Cloudflare Issue affecting all ResDiary services

Incident Report for ResDiary

Postmortem

All times in this report are in BST unless otherwise noted.

This report details the initial incident caused by a CloudFlare outage, along with an incident affecting TheFork in Australia that was triggered by the initial incident.

CloudFlare Outage

At 22:14 we began to receive alerts from our monitoring system that some of our sites were unavailable. At 22:22 two of our engineers began investigating and found that DNS resolution was failing for all our sites. We verified that the sites themselves were still running correctly, but that we weren't able to reach them via their hostnames.

Because of this we began to suspect that CloudFlare were having an outage, and confirmed this by testing DNS resolution using both CloudFlare and our backup DNS provider (Azure DNS). Queries to CloudFlare were failing while queries to our backup provider were succeeding. At this point we also noticed that CloudFlare had declared a major incident, the details of which can be found here: https://www.cloudflarestatus.com/incidents/b888fyhbygb8.

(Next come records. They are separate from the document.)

(* Assume (A1)–(A3). If $m_1<0$, then for every $\theta>0$ there exist $C>0$ and $\delta>0$ such that for all $(i,j)\in\mathbb N\times\mathbb Z$ and $k\in\mathbb N$, \[\mathbb E_{(i,j)}\bigl(\exp(\delta T_1^k)\bigr)\le C\exp(\theta i),\] where $T_1^k=\inf\{n>0: X_1(n)\le\max(k_0-1,k)\}$.
   Context: Let $\mathbb N=\{0,1,2,\dots\}$ and fix an integer $k_0\ge1$. Let $\mu$, $\mu'_j$ ($0\le j<k_0$), $\mu''_i$ ($0\le i<k_0$), $\mu_{ij}$ ($0\le i,j<k_0$) be probability measures on $\mathbb Z^2$. The random walk $Z=(X(n),Y(n))$ on $\mathbb N^2$ has transition probabilities $p((i,j)\to(i',j'))$ equal to $\mu(i'-i,j'-j)$ if $i,j\ge k_0$; $\mu'_j(i'-i,j'-j)$ if $i\ge k_0$, $0\le j<k_0$; $\mu''_i(i'-i,j'-j)$ if $0\le i<k_0$, $j\ge k_0$; $\mu_{ij}(i'-i,j'-j)$ if $0\le i,j<k_0$. Assumptions: (A1) $\mu(a,b)=0$ if $a<-k_0$ or $b<-k_0$; $\mu'_j(a,b)=0$ if $a<-k_0$ or $b<-j$; $\mu''_i(a,b)=0$ if $b<-k_0$ or $a<-i$; $\mu_{ij}(a,b)=0$ if $a<-i$ or $b<-j$. (A2) There are $\delta,\gamma,C>0$ with $\sup_{(i,j)\in\mathbb N^2}\mathbb E_{(i,j)}[\exp(\delta(X(1)-i)+\gamma(Y(1)-j))]\le C$. (A3) $Z_0,Z_1,Z_2,Z$ are irreducible on their state spaces. $Z_0$: random walk on $\mathbb Z^2$ with increment law $\mu$; $m_1=\sum a\mu(a,b)$. $Z_1=(X_1,Y_1)$: Markov chain on $\mathbb N\times\mathbb Z$ with transitions $\mu(i'-i,j'-j)$ from $(i,j)$ if $i\ge k_0$ and $\mu''_i(i'-i,j'-j)$ if $0\le i<k_0$; $\mathbb P_{(i,j)},\mathbb E_{(i,j)}$ refer to it started at $(i,j)$. $Z_2$: Markov chain on $\mathbb Z\times\mathbb N$ with transitions $\mu$ if $j\ge k_0$ and $\mu'_j$ if $0\le j<k_0$. *)

theory Defs
  imports "HOL-Probability.Probability"
begin
(* For any explicit Runge--Kutta method $(A,b)$, the step-size coefficient satisfies $\gamma(A,b)\le R(\varphi_{A,b})$.
   Context: An $m$-stage explicit Runge--Kutta method has strictly lower-triangular $A=(a_{ij})\in\mathbb{R}^{m\times m}$ and $b\in\mathbb{R}^m$. Its stability function is the polynomial $\varphi_{A,b}(z)=1+zb^\top(I-zA)^{-1}e$, $e=(1,\dots,1)^\top$. The radius of absolute monotonicity is $R(\varphi)=\sup\{r\ge0:\ \varphi^{(j)}(z)\ge0\text{ for all }j\ge0\text{ and all }z\in[-r,0]\}$. Positivity polynomials: for variables $\xi^j_\ell$ ($1\le j\le m$, $\ell\in\mathbb{Z}$) and a sequence $(u_\ell)_{\ell\in\mathbb{Z}}$, define $y^i_\ell=u_\ell+\sum_{j<i}a_{ij}\xi^j_\ell(y^j_{\ell-1}-y^j_\ell)$ and $\tilde u_\ell=u_\ell+\sum_ib_i\xi^i_\ell(y^i_{\ell-1}-y^i_\ell)$ (this is one ERK step for $u_k'=q_k(u,t)(u_{k-1}-u_k)/\Delta x$ with $\xi^j_k=\frac{\Delta t}{\Delta x}q_k(y^j,t_n+c_j\Delta t)$). Then $\tilde u_k=\sum_{i=0}^mP_i(\xi)u_{k-i}$ with polynomials $P_i$ (independent of $k$) in the $m(m+1)/2$ variables $\xi^j_\ell$, $1\le j\le m$, $k-(m-j)\le\ell\le k$. The step-size coefficient is $\gamma(A,b)=\sup\{\delta\ge0: P_i(\xi)\ge0$ for all $0\le i\le m$, all $\xi\in[0,\delta]^{m(m+1)/2}\}$ (or $0$ if empty). *)

theory Defs
  imports "HOL-Analysis.Analysis"
begin

text \<open>An explicit Runge--Kutta method with m stages is given by
  A :: nat => nat => real (entries A i j, stages indexed 0..m-1) and b :: nat => real.\<close>

definition erk :: "nat \<Rightarrow> (nat \<Rightarrow> nat \<Rightarrow> real) \<Rightarrow> bool" where
  "erk m A \<longleftrightarrow> (\<forall>i<m. \<forall>j<m. i \<le> j \<longrightarrow> A i j = 0)"

text \<open>The vector (I - zA)^{-1} e: the unique solution g of (I - zA) g = e
  (components outside 0..m-1 set to 0).\<close>

definition resolvent_e :: "nat \<Rightarrow> (nat \<Rightarrow> nat \<Rightarrow> real) \<Rightarrow> real \<Rightarrow> nat \<Rightarrow> real" where
  "resolvent_e m A z = (THE g. (\<forall>i<m. g i - z * (\<Sum>j<m. A i j * g j) = 1) \<and> (\<forall>i. m \<le> i \<longrightarrow> g i = 0))"

definition stab_fun :: "nat \<Rightarrow> (nat \<Rightarrow> nat \<Rightarrow> real) \<Rightarrow> (nat \<Rightarrow> real) \<Rightarrow> real \<Rightarrow> real" where
  "stab_fun m A b z = 1 + z * (\<Sum>i<m. b i * resolvent_e m A z i)"

definition abs_mono_radius :: "(real \<Rightarrow> real) \<Rightarrow> ereal" where
  "abs_mono_radius \<phi> = Sup (insert 0 {ereal r | r. r \<ge> 0 \<and>
      (\<forall>j::nat. \<forall>z\<in>{-r..0}. (deriv ^^ j) \<phi> z \<ge> 0)})"

text \<open>Stage values y^i_l of one ERK step for the nonlinear upwind problem,
  with variables xi i l and data u l (stage index i = 0..m-1 corresponds to stage i+1).\<close>

fun stage_val :: "(nat \<Rightarrow> nat \<Rightarrow> real) \<Rightarrow> (nat \<Rightarrow> int \<Rightarrow> real) \<Rightarrow> (int \<Rightarrow> real) \<Rightarrow> nat \<Rightarrow> int \<Rightarrow> real" where
  "stage_val A \<xi> u i l = u l + (\<Sum>j<i. A i j * \<xi> j l * (stage_val A \<xi> u j (l - 1) - stage_val A \<xi> u j l))"

definition step_val :: "nat \<Rightarrow> (nat \<Rightarrow> nat \<Rightarrow> real) \<Rightarrow> (nat \<Rightarrow> real) \<Rightarrow> (nat \<Rightarrow> int \<Rightarrow> real) \<Rightarrow> (int \<Rightarrow> real) \<Rightarrow> int \<Rightarrow> real" where
  "step_val m A b \<xi> u l = u l + (\<Sum>i<m. b i * \<xi> i l * (stage_val A \<xi> u i (l - 1) - stage_val A \<xi> u i l))"

text \<open>Positivity polynomial P_i evaluated at xi: the coefficient of u_{k-i} in tilde u_k
  (tilde u_k is linear in u, so this is tilde u_k for u the indicator of k-i).\<close>

definition pos_poly :: "nat \<Rightarrow> (nat \<Rightarrow> nat \<Rightarrow> real) \<Rightarrow> (nat \<Rightarrow> real) \<Rightarrow> int \<Rightarrow> nat \<Rightarrow> (nat \<Rightarrow> int \<Rightarrow> real) \<Rightarrow> real" where
  "pos_poly m A b k i \<xi> = step_val m A b \<xi> (\<lambda>l. if l = k - int i then 1 else 0) k"

definition stepsize_coeff :: "nat \<Rightarrow> (nat \<Rightarrow> nat \<Rightarrow> real) \<Rightarrow> (nat \<Rightarrow> real) \<Rightarrow> ereal" where
  "stepsize_coeff m A b = Sup (insert 0 {ereal \<delta> | \<delta>. \<delta> \<ge> 0 \<and>
      (\<forall>i\<le>m. \<forall>k::int. \<forall>\<xi>. (\<forall>j l. 0 \<le> \<xi> j l \<and> \<xi> j l \<le> \<delta>) \<longrightarrow> pos_poly m A b k i \<xi> \<ge> 0)})"

end

theory Submission
  imports Defs
begin

text \<open>Run one step with all \<open>\<xi> = \<delta>\<close> on the geometric data \<open>u l = w ^ (k - l)\<close>: every
  stage value is then \<open>g i * w ^ (k - l)\<close> with \<open>g = (I - zA)\<^sup>-\<^sup>1 e\<close> and \<open>z = \<delta> (w - 1)\<close>,
  so the new value is \<open>\<phi> z\<close>. Since the step is linear and local in \<open>u\<close>, the same value
  is \<open>\<Sum>n. P n \<delta> * w ^ n\<close>, i.e. \<open>\<phi> z = (\<Sum>n. P n \<delta> * (1 + z / \<delta>) ^ n)\<close>. If all
  \<open>P n \<delta> \<ge> 0\<close>, every derivative of \<open>\<phi>\<close> is again a nonnegative combination of powers of
  \<open>1 + z / \<delta>\<close>, hence nonnegative on \<open>[-\<delta>, 0]\<close>.\<close>

declare stage_val.simps[simp del]

fun stage_resolvent :: "(nat \<Rightarrow> nat \<Rightarrow> real) \<Rightarrow> real \<Rightarrow> nat \<Rightarrow> real" where
  "stage_resolvent A z i = 1 + z * (\<Sum>j<i. A i j * stage_resolvent A z j)"

declare stage_resolvent.simps[simp del]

At around 22:33 we decided to switch over to our backup provider since we were unsure how long it would take CloudFlare to resolve their issue. We began to notice our applications starting to become available again, and by around 23:00 all of our applications were functioning again. This may have been due to CloudFlare resolving their incident rather than us switching to our backup.

At 23:27 we received an alert that www.resdiary.com had become unavailable. We realised that it was unable to communicate with api.resdiary.com because we currently make use of a CloudFlare load balancer to provide geographic load balancing, which meant that Azure DNS didn't have a record for api.resdiary.com.

At 23:37 we switched our DNS back to CloudFlare, and also added in a temporary DNS entry for api.resdiary.com to Azure DNS, and by 23:42 the alert for www.resdiary.com closed.

TheFork Reservation Service Incident

On Monday 13/07/2020 we added new HA Proxy load balancers in front of our au.resdiary.com servers as part of a migration to new infrastructure for au.resdiary.com. Unfortunately there was a configuration error with these load balancers that prevented the original client IP addresses being reported to our backend servers. The configuration issue did not cause any problems while we were using CloudFlare DNS because requests were being routed via CloudFlare infrastructure that correctly set the original client IP address.

Unfortunately when we switched over to our backup DNS provider, we ended up in a situation where some requests were being routed via CloudFlare and others were being routed directly to our HA Proxy load balancers. The majority of requests were unaffected by this, but because the Reservation Service requires the IP address of requests to match the original IP that requested the token, we ended up in a situation where requests could fail if the initial token request was routed via CloudFlare and subsequent requests were routed directly to us, or vice-versa.

At 09:08 we disabled CloudFlare proxying for au.resdiary.com, causing all traffic to be routed directly. This meant that the source IP was consistent, allowing requests to succeed. Shortly after this our partners at TheFork confirmed that the error rate was dropping, and by 09:29 we were not seeing any more 401s on the Reservation Service.

Actions

We will be taking the following actions as a result of this incident:

Fixing the configuration issue with our HA proxy load balancers.
Investigating further changes we need to make to allow us to failover to our backup DNS provider in future without causing knock-on problems.

Posted Jul 20, 2020 - 13:35 UTC

Resolved

The problems affecting the Australian ReservationService were resolved around 08:30 UTC. Since then we have not detected any further issues. We believe the incident has been fully resolved now, but will continue to monitor for further problems.

Posted Jul 18, 2020 - 10:33 UTC

Update

As a result of the actions we took to resolve the outage last night, there were issues with connectivity to the ReservationService which affected customers making bookings via The Fork in Australia. A fix for these issues has now been deployed and we will continue to monitor the situation.

Posted Jul 18, 2020 - 09:08 UTC

Monitoring

We have switched over to an alternate provider, our monitoring has shown that our servers are starting to become available again. We will continue to monitor the situation and we will update this incident once it has been resolved.

Posted Jul 17, 2020 - 22:11 UTC

Update

We are continuing to work on a fix for this issue.

Posted Jul 17, 2020 - 22:03 UTC

Update

We have taken action to failover to an alternate provider, service availability may continue to be affected while the changes are propagating.

Posted Jul 17, 2020 - 21:59 UTC

Identified

We are currently investigating an issue with cloudflare(https://www.cloudflarestatus.com/) which is causing ResDiary services to be unavailable. We are going to failover to an alternate provider to bring back availability of the ResDiary services.

Posted Jul 17, 2020 - 21:44 UTC

This incident affected: ResDiary Application (UK/Europe, Australia, North Central US, S.E. ASIA, East Asia) and Login, API, Widget Configurator, Dishcult Portal.